Patrick Mouratoglou (right) is a world-renowned tennis coach who has worked with Marcos Baghdatis and Aravane Rezai. His French tennis academy is considered one of the top in the world. He is a frequent contributor to Busted Racquet.
The first Masters 1000 of the season began this week in California. The Grand Slams may be the biggest showcase for the top players, but tournaments like Indian Wells can tell us a lot about them as well.
Rafael Nadal -- He's the indisputable No. 1 in the world and is dominating his sport like few could ever boast. He won three of the last four Grand Slams and when he's not winning it's often due to an injury. Rafa always gives 100 percent and never plays with the brakes on.
Right now, he's most impressive because for every major event he succeeds in finding technical and tactical answers in order to win. For example, long rallies, outstanding defense and topspin help him win the French Open. A better serve, shorter points and more flat shots earned him a US Open title. He believes in the culture of winning.
In my opinion, Rafa is the player with the strongest mind in tennis history. But his body may betray him. It's both his strength and his weakness because he's constantly made it suffer by always asking it more and more. Indian Wells is his first tournament since the Australian Open. Can he stay healthy?
Novak Djokovic -- In the past eight months he's taken his game to new heights.
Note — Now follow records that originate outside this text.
text \<open>The lower bound R^lb(M,L). Floors of ratios of naturals are nat div.\<close>
definition Rlb :: "nat \<Rightarrow> nat \<Rightarrow> nat \<Rightarrow> real \<Rightarrow> real" where
  "Rlb n m L M =
     max (Max ((\<lambda>s. real L * real s - real s * M / real ((m div L) div s))
                 ` {1..min (m div L) n}))
         ((real m - M) / real_of_int \<lceil>real m / real L\<rceil>)"

end

theory Submission
  imports Defs
begin

text \<open>Two colourings of the conflict graph bound \<open>R\<^sup>L\<^sup>C\<close> at every memory point \<open>t\<close>:
  colouring a vertex by its packet gives the uncoded rate \<open>m (n - t) / n\<close>, and colouring
  \<open>((f, T), u)\<close> by \<open>(T \<union> {u}, position of f in u's request list)\<close> gives the coded rate
  \<open>L (n - t) / (t + 1)\<close>. Memory sharing between consecutive points turns these into
  \<open>R \<le> m - M\<close>, \<open>R \<le> L n\<close> and \<open>R M \<le> L (m - M)\<close>. If \<open>\<lceil>m/L\<rceil> \<le> 18\<close>, the first bound
  is within a factor 18 of the term \<open>(m - M) / \<lceil>m/L\<rceil>\<close> of \<open>R\<^sup>l\<^sup>b\<close>; so is the third one
  when \<open>M \<ge> m / 17\<close>. For smaller \<open>M\<close> the term of \<open>R\<^sup>l\<^sup>b\<close> at
  \<open>s = min n (min (\<lfloor>m/L\<rfloor> div 2) \<lfloor>m / (4M)\<rfloor>)\<close> is at least \<open>L s / 2\<close>, while one of the
  three bounds gives \<open>R \<le> 9 L s\<close>.\<close>

lemma dir_local_chromatic_le:
  fixes c :: "vertex \<Rightarrow> nat"
  assumes "\<forall>v1\<in>V. \<forall>v2\<in>V. (A v1 v2 \<or> A v2 v1) \<longrightarrow> c v1 \<noteq> c v2"
    and "\<forall>v\<in>V. card (c ` ({v} \<union> {w\<in>V. A v w})) \<le> k"
  shows "dir_local_chromatic V A \<le> k"
  unfolding dir_local_chromatic_def by (rule Least_le) (use assms in blast)

lemma dir_local_chromatic_le_keys:
  fixes key :: "vertex \<Rightarrow> 'a"
  assumes "finite V"
    and distinct: "\<And>v w. v \<in> V \<Longrightarrow> w \<in> V \<Longrightarrow> A v w \<Longrightarrow> key v \<noteq> key w"
    and keys: "\<And>v. v \<in> V \<Longrightarrow> key ` ({v} \<union> {w\<in>V. A v w}) \<subseteq> K v"
    and "\<And>v. v \<in> V \<Longrightarrow> finite (K v)" "\<And>v. v \<in> V \<Longrightarrow> card (K v) \<le> k"
  shows "dir_local_chromatic V A \<le> k"
proof -
  obtain g :: "'a \<Rightarrow> nat" where g: "inj_on g (key ` V)"
    using finite_imp_inj_to_nat_seg[of "key ` V"] \<open>finite V\<close> by blast
  show ?thesis
  proof (rule dir_local_chromatic_le[where c = "g \<circ> key"]; intro ballI impI)
    fix v w assume "v \<in> V" "w \<in> V" "A v w \<or> A w v"
    then show "(g \<circ> key) v \<noteq> (g \<circ> key) w"
      using distinct inj_onD[OF g] by (metis comp_apply image_eqI)
  next
    fix v assume v: "v \<in> V"
    have "card ((g \<circ> key) ` ({v} \<union> {w\<in>V. A v w})) \<le> card (key ` ({v} \<union> {w\<in>V. A v w}))"
      unfolding image_comp[symmetric] by (rule card_image_le) (use \<open>finite V\<close> in auto)
    also have "\<dots> \<le> card (K v)"
      using assms(4)[OF v] keys[OF v] by (rule card_mono)
    finally show "card ((g \<circ> key) ` ({v} \<union> {w\<in>V. A v w})) \<le> k"
      using assms(5)[OF v] by linarith
  qed
qed

lemma finite_conflict_vertices: "finite (conflict_vertices n L t F)"
proof (rule finite_subset)
  show "conflict_vertices n L t F \<subseteq> ((case_prod F ` ({..<L} \<times> {..<n})) \<times> Pow {..<n}) \<times> {..<n}"
    unfolding conflict_vertices_def by force
qed auto

lemma chi_LC_le_uncoded:
  assumes "valid_request n m L F"
  shows "chi_LC n L t F \<le> m * ((n - 1) choose t)"
  unfolding chi_LC_def
proof (rule dir_local_chromatic_le_keys[where key = fst])
  let ?V = "conflict_vertices n L t F"
  let ?K = "\<lambda>v. {..<m} \<times> {T. T \<subseteq> {..<n} - {snd v} \<and> card T = t}"
  show "?K v \<supseteq> fst ` ({v} \<union> {w\<in>?V. conflict_arc v w})" if "v \<in> ?V" for v
    using that assms unfolding conflict_vertices_def conflict_arc_def valid_request_def by force
  show "card (?K v) \<le> m * ((n - 1) choose t)" if "v \<in> ?V" for v
  proof -
    have "card ({..<n} - {snd v}) = n - 1"
      using that unfolding conflict_vertices_def by auto
    then show ?thesis by (simp add: card_cartesian_product n_subsets)
  qed
qed (auto simp: finite_conflict_vertices conflict_arc_def)

lemma chi_LC_le_coded: "chi_LC n L t F \<le> L * (n choose Suc t)"
  unfolding chi_LC_def
proof -
  let ?V = "conflict_vertices n L t F"
  let ?K = "{S. S \<subseteq> {..<n} \<and> card S = Suc t} \<times> {..<L}"
  define idx where "idx v = (LEAST i. i < L \<and> F i (snd v) = fst (fst v))" for v :: vertex
  define key where "key v = (snd (fst v) \<union> {snd v}, idx v)" for v :: vertex
  have idx: "idx v < L \<and> F (idx v) (snd v) = fst (fst v)" if v: "v \<in> ?V" for v
  proof -
    obtain i where "i < L \<and> F i (snd v) = fst (fst v)"
      using v unfolding conflict_vertices_def by auto
    then show ?thesis unfolding idx_def by (rule LeastI)
  qed
  have key_in: "key v \<in> ?K" if v: "v \<in> ?V" for v
  proof -
    obtain f T u where v_eq: "v = ((f, T), u)" by (metis prod.collapse)
    have "T \<subseteq> {..<n}" "card T = t" "u \<notin> T" "u < n"
      using v unfolding v_eq conflict_vertices_def by auto
    moreover have "finite T" using \<open>T \<subseteq> {..<n}\<close> finite_subset by blast
    ultimately show ?thesis using idx[OF v] unfolding key_def v_eq by auto
  qed
  \<comment> \<open>Equal keys of different users \<open>u \<noteq> u'\<close> force \<open>u \<in> T'\<close>: user \<open>u\<close> caches the packet of \<open>w\<close>.\<close>
  have key_distinct: "key v \<noteq> key w" if "v \<in> ?V" "w \<in> ?V" "conflict_arc v w" for v w
  proof
    assume same: "key v = key w"
    obtain f T u where v_eq: "v = ((f, T), u)" by (metis prod.collapse)
    obtain f' T' u' where w_eq: "w = ((f', T'), u')" by (metis prod.collapse)
    have "u \<notin> T" "u' \<notin> T'"
      using that unfolding v_eq w_eq conflict_vertices_def by auto
    moreover have "T \<union> {u} = T' \<union> {u'}" and "idx v = idx w"
      using same unfolding key_def v_eq w_eq by auto
    moreover have "u \<notin> T'" and packets: "(f, T) \<noteq> (f', T')"
      using \<open>conflict_arc v w\<close> unfolding conflict_arc_def v_eq w_eq by auto
    ultimately have "u = u'" and "T = T'" by blast+
    moreover have "f = f'"
      using idx[OF that(1)] idx[OF that(2)] \<open>idx v = idx w\<close> \<open>u = u'\<close>
      unfolding v_eq w_eq by auto
    ultimately show False using packets by simp
  qed
  show "dir_local_chromatic ?V conflict_arc \<le> L * (n choose Suc t)"
  proof (rule dir_local_chromatic_le_keys[where key = key and K = "\<lambda>_. ?K"])
    show "card ?K \<le> L * (n choose Suc t)"
      by (simp add: card_cartesian_product n_subsets)
    show "key ` ({v} \<union> {w\<in>?V. conflict_arc v w}) \<subseteq> ?K" if "v \<in> ?V" for v
      using that key_in by blast
  qed (use key_distinct finite_conflict_vertices in auto)
qed

lemma valid_request_exists:
  assumes "L \<le> m"
  shows "valid_request n m L (\<lambda>i u. if i < L \<and> u < n then i else 0)"
  using assms unfolding valid_request_def by (auto simp: inj_on_def)

lemma RLC_point_le:
  assumes "\<And>F. valid_request n m L F \<Longrightarrow> chi_LC n L t F \<le> B" and "L \<le> m"
  shows "RLC_point n m L t \<le> real B / real (n choose t)"
proof -
  let ?S = "{chi_LC n L t F | F. valid_request n m L F}"
  have bounded: "?S \<subseteq> {..B}" using assms(1) by auto
  moreover have "finite ?S" using bounded finite_subset by blast
  moreover have "?S \<noteq> {}" using valid_request_exists[OF assms(2)] by blast
  ultimately have "Max ?S \<le> B" by (simp add: subset_iff)
  then show ?thesis unfolding RLC_point_def by (simp add: divide_right_mono)
qed

lemma RLC_point_le_uncoded:
  assumes "0 < n" "t \<le> n" "L \<le> m"
  shows "RLC_point n m L t \<le> real m * (real n - real t) / real n"
proof -
  have "RLC_point n m L t \<le> real (m * ((n - 1) choose t)) / real (n choose t)"
    using chi_LC_le_uncoded assms(3) by (rule RLC_point_le)
  also have "\<dots> = real m * (real n - real t) / real n"
  proof -
    have "real (n - t) * real (n choose t) = real n * real ((n - 1) choose t)"
      by (metis binomial_absorb_comp of_nat_mult)
    moreover have "real (n choose t) > 0" using assms(2) by simp
    ultimately show ?thesis using assms(1,2) by (simp add: field_simps of_nat_diff)
  qed
  finally show ?thesis .
qed

lemma RLC_point_le_coded:
  assumes "t \<le> n" "L \<le> m"
  shows "RLC_point n m L t \<le> real L * (real n - real t) / (real t + 1)"
proof -
  have "RLC_point n m L t \<le> real (L * (n choose Suc t)) / real (n choose t)"
    using chi_LC_le_coded assms(2) by (rule RLC_point_le)
  also have "\<dots> = real L * (real n - real t) / (real t + 1)"
  proof -
    have "Suc t * (n choose Suc t) = (n - t) * (n choose t)"
      using binomial_absorption[of t n] binomial_absorb_comp[of n t] by simp
    then have "real (n choose Suc t) * (real t + 1) = (real n - real t) * real (n choose t)"
      using assms(1) by (metis (mono_tags) add.commute of_nat_Suc of_nat_diff of_nat_mult mult.commute)
    then have "real L * real (n choose Suc t) * (real t + 1)
        = real L * (real n - real t) * real (n choose t)"
      by (simp add: mult.assoc)
    moreover have "real (n choose t) > 0" using assms(1) by simp
    ultimately show ?thesis by (simp add: frac_eq_eq)
  qed
  finally show ?thesis .
qed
He was a a finalist at the US Open, hoisted the Davis Cup (where he was amazing at every level by winning by playing great despite the huge pressure of a whole country on his shoulders) won the Australian Open and then capped it off in Dubai by crushing Roger Federer in the final. It's no stretch to say he could be the next No. 1. There is still that little matter of Mr. Nadal though, so the time isn't coming quite yet. Indian Wells will tell us where he stands now and it'll be thrilling to see those two players in the battle. Djokovic is getting closer to Nadal on the game level but he'll have to be more efficient in order to win on these hard courts.
Roger Federer -- Roger, we have a problem. Even if it's tough to admit for a champion of this caliber, and even if we want to still see him at his best level, he has clearly on his downswing. It's enough to look objectively at his last results to be convinced. Beyond his recent lack of efficient play, his whole game is lacking consistency. During his matches, he can display the best and then the worst and seems to suffer from big focusing issues. He could soon lose his No. 2 ranking to Djokovic and that could hurt his confidence. Whether he can hold off the Serb is why Indian Wells and Miami will be of great interest.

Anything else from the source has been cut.